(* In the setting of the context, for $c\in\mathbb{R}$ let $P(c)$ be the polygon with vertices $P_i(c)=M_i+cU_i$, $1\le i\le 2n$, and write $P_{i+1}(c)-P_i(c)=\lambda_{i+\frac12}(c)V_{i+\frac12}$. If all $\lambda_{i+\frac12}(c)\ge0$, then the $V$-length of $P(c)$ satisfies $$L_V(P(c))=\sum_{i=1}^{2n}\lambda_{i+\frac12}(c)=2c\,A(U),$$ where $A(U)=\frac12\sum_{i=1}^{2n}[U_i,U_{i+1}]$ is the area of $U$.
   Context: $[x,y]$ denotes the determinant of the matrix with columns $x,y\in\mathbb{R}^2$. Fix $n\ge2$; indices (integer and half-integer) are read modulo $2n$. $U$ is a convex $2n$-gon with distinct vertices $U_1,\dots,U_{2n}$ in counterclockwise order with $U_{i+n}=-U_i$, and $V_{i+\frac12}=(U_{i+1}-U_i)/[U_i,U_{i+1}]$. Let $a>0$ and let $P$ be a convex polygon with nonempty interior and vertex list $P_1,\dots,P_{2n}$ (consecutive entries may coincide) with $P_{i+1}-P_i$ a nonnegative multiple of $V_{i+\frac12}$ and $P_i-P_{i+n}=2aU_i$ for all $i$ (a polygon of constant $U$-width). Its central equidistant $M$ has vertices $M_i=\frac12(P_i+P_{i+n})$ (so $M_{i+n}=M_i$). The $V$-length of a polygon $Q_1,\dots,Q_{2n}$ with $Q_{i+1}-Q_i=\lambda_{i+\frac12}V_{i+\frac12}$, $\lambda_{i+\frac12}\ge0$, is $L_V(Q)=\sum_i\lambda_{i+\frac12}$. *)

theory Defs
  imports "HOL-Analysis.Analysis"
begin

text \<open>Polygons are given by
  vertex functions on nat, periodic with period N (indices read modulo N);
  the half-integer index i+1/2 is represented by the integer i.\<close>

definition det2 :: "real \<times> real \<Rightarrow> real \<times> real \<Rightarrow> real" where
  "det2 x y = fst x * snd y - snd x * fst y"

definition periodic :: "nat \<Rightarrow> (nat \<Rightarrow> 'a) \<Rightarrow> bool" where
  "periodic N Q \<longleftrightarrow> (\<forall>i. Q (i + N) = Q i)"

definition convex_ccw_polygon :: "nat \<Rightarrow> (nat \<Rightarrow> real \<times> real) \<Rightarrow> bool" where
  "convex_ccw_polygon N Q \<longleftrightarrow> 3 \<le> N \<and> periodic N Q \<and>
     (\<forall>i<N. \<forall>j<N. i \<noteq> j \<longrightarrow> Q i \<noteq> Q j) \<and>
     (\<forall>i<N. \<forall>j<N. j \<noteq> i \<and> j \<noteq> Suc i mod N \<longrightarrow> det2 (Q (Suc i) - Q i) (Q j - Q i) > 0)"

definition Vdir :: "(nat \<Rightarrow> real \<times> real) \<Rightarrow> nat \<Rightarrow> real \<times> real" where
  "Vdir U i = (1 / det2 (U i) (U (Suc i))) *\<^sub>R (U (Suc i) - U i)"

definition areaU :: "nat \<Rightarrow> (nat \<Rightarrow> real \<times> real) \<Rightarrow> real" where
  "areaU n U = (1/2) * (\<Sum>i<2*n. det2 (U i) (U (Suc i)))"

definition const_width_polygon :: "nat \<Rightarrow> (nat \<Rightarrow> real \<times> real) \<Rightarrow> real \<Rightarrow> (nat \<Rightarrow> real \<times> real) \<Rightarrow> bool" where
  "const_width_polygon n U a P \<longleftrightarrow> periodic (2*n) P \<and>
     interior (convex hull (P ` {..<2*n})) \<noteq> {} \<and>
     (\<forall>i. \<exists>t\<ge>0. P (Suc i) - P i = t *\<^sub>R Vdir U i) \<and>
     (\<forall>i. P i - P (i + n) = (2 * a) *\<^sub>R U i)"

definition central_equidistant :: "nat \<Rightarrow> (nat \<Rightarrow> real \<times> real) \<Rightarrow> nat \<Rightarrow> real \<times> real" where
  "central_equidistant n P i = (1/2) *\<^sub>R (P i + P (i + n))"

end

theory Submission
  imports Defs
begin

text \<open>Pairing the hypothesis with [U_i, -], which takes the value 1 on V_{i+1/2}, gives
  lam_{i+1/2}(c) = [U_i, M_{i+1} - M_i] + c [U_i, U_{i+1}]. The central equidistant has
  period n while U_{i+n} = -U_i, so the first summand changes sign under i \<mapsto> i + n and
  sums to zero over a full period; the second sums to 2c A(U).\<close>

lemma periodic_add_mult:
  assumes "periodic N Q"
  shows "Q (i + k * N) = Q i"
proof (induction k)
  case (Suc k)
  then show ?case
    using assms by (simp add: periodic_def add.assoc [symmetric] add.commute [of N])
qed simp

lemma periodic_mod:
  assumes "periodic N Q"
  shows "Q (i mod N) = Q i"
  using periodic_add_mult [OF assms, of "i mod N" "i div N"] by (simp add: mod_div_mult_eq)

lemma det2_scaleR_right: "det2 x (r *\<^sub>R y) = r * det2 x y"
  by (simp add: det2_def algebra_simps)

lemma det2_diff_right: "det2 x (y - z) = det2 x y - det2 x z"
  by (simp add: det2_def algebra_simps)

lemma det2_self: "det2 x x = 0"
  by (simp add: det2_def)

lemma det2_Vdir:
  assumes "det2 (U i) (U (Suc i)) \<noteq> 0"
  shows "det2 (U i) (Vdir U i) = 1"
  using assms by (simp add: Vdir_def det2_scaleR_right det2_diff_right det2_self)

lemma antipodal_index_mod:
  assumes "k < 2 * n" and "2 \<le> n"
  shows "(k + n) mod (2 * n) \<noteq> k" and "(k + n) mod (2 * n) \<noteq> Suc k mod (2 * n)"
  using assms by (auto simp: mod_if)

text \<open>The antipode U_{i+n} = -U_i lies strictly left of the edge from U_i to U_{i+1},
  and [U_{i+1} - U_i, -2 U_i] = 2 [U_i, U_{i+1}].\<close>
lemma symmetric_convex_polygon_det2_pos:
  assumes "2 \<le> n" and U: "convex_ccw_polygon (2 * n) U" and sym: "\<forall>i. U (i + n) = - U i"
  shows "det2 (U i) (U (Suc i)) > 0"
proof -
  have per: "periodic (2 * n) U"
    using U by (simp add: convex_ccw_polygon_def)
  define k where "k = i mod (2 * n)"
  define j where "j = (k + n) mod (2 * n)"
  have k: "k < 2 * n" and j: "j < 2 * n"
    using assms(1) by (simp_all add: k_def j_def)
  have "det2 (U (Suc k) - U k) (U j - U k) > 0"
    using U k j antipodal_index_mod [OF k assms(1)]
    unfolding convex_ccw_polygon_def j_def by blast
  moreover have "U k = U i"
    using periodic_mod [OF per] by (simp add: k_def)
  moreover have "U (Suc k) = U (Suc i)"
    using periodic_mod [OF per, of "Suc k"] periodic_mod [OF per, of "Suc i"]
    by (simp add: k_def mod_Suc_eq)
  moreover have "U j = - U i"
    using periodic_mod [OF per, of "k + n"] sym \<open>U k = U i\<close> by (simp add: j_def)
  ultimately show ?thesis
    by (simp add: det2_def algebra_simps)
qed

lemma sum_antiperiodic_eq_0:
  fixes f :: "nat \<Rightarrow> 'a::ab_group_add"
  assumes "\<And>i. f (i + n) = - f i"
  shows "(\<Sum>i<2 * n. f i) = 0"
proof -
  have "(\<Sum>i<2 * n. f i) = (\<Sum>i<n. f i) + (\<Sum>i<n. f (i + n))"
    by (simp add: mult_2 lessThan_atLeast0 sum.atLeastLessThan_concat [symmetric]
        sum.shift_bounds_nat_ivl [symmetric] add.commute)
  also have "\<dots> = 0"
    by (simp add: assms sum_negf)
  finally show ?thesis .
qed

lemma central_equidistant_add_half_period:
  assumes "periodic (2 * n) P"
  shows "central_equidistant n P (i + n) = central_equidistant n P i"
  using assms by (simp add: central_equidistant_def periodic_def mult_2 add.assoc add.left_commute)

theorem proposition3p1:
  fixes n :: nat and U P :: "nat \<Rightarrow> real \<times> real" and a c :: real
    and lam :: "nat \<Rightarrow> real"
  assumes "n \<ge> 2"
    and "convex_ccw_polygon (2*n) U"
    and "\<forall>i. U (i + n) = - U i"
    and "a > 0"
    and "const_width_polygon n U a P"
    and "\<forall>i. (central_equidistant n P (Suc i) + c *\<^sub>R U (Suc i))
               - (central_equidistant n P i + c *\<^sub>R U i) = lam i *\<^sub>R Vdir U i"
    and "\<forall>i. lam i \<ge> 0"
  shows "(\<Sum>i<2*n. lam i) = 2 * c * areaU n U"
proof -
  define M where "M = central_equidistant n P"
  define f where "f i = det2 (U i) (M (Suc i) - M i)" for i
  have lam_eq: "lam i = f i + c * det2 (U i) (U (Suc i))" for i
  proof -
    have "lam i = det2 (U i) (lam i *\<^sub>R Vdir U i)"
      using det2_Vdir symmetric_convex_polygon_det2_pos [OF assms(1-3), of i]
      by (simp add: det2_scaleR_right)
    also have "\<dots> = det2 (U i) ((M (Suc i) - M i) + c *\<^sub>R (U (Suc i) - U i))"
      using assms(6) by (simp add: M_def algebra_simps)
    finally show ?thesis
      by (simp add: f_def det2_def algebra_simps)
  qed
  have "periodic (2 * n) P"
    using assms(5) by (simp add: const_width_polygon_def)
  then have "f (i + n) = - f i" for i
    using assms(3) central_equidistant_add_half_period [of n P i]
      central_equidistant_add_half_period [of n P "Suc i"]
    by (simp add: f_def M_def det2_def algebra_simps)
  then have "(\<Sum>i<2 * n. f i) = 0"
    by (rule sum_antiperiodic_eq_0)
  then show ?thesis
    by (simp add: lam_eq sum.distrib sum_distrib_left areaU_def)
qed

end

Required action ▸
Bring together all lines of the entries above in which the string "moreover" occurs.

Response to this exercise ▸
  moreover have "U k = U i"
  moreover have "U (Suc k) = U (Suc i)"
  moreover have "U j = - U i"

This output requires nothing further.